Take from the records below each line that holds "lemma".
===== Given data
lemma sum_words_quasi_multiplicative:
  fixes f :: "'a::finite list \<Rightarrow> real"
  assumes qm: "quasi_multiplicative f C" and "1 \<le> m" "1 \<le> n"
  shows "(\<Sum>w\<in>words m. f w) * (\<Sum>w\<in>words n. f w) \<le> C * (\<Sum>w\<in>words (m + n). f w)"
    and "(\<Sum>w\<in>words (m + n). f w) \<le> C * ((\<Sum>w\<in>words m. f w) * (\<Sum>w\<in>words n. f w))"
proof -
  have nonempty: "u \<noteq> []" "v \<noteq> []" if "u \<in> words m" "v \<in> words n" for u v :: "'a list"
    using that assms(2,3) by auto
  note product = sum_product[of f "words m" f "words n"]
  note split = sum_words_add[of f m n]
  show "(\<Sum>w\<in>words m. f w) * (\<Sum>w\<in>words n. f w) \<le> C * (\<Sum>w\<in>words (m + n). f w)"
    unfolding product split unfolding sum_distrib_left
    using qm nonempty by (intro sum_mono) (auto simp: quasi_multiplicative_def)
  show "(\<Sum>w\<in>words (m + n). f w) \<le> C * ((\<Sum>w\<in>words m. f w) * (\<Sum>w\<in>words n. f w))"
    unfolding product split unfolding sum_distrib_left
    using qm nonempty by (intro sum_mono) (auto simp: quasi_multiplicative_def)
qed

lemma ln_quasi_multiplicative_convergent:
  fixes S :: "nat \<Rightarrow> real"
  assumes pos: "\<And>n. 1 \<le> n \<Longrightarrow> 0 < S n"
    and qm: "\<And>m n. 1 \<le> m \<Longrightarrow> 1 \<le> n \<Longrightarrow> S m * S n \<le> C * S (m + n) \<and> S (m + n) \<le> C * (S m * S n)"
  shows "convergent (\<lambda>n. ln (S n) / n)"
proof (rule quasi_additive_convergent)
  fix m n :: nat assume m: "1 \<le> m" and n: "1 \<le> n"
  have S: "0 < S m" "0 < S n" "0 < S (m + n)" using pos m n by auto
  then have C: "0 < C" using qm[OF m n] by (metis mult_pos_pos zero_less_mult_pos2 order.strict_trans2)
  have "ln (S m * S n) \<le> ln (C * S (m + n))" "ln (S (m + n)) \<le> ln (C * (S m * S n))"
    using qm[OF m n] S C by simp_all
  then show "\<bar>ln (S (m + n)) - ln (S m) - ln (S n)\<bar> \<le> ln C"
    using S C by (simp add: ln_mult abs_le_iff)
qed

section \<open>The \<open>L\<^sup>q\<close>-spectrum of a Gibbs capacity\<close>

locale gibbs_capacity =
  fixes \<psi> :: "'d::finite seq \<Rightarrow> real" and \<nu> :: "'d seq measure" and K \<alpha> \<beta> :: real
  assumes holder: "holder_potential \<psi>" and gibbs: "gibbs_measure \<psi> \<nu>"
    and K_pos: "0 < K" and \<alpha>_nonneg: "0 \<le> \<alpha>" and \<beta>_nonneg: "0 \<le> \<beta>"
begin

abbreviation \<mu> :: "'d letter list \<Rightarrow> real" where
  "\<mu> \<equiv> gcap K \<alpha> \<beta> \<nu>"

lemma measure_cyl_pos: "w \<noteq> [] \<Longrightarrow> 0 < measure \<nu> (cyl w)"
  using gibbs_measureE[OF gibbs] by blast

lemma gcap_pos:
  assumes "w \<noteq> []"
  shows "0 < \<mu> w"
  using measure_cyl_pos[OF assms] K_pos by (simp add: gcap_def)

lemma gcap_powr_pos: "w \<noteq> [] \<Longrightarrow> 0 < \<mu> w powr q"
  using gcap_pos[of w] by simp

lemma gcap_le_K: "\<mu> w \<le> K"
proof -
  have "measure \<nu> (cyl w) \<le> 1"
    using gibbs by (simp add: gibbs_measure_def prob_space.prob_le_1)
  then have "measure \<nu> (cyl w) powr \<alpha> \<le> 1"
    using powr_mono2[OF \<alpha>_nonneg measure_nonneg] by fastforce
  moreover have "exp (- \<beta> * real (length w)) \<le> 1"
    using \<beta>_nonneg by simp
  ultimately show ?thesis
    using K_pos unfolding gcap_def
    by (simp add: mult.assoc mult_left_le mult_le_one)
qed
==========
▶ _Answer to this exercise_
lemma sum_words_quasi_multiplicative:
lemma ln_quasi_multiplicative_convergent:
lemma measure_cyl_pos: "w \<noteq> [] \<Longrightarrow> 0 < measure \<nu> (cyl w)"
lemma gcap_pos:
lemma gcap_powr_pos: "w \<noteq> [] \<Longrightarrow> 0 < \<mu> w powr q"
lemma gcap_le_K: "\<mu> w \<le> K"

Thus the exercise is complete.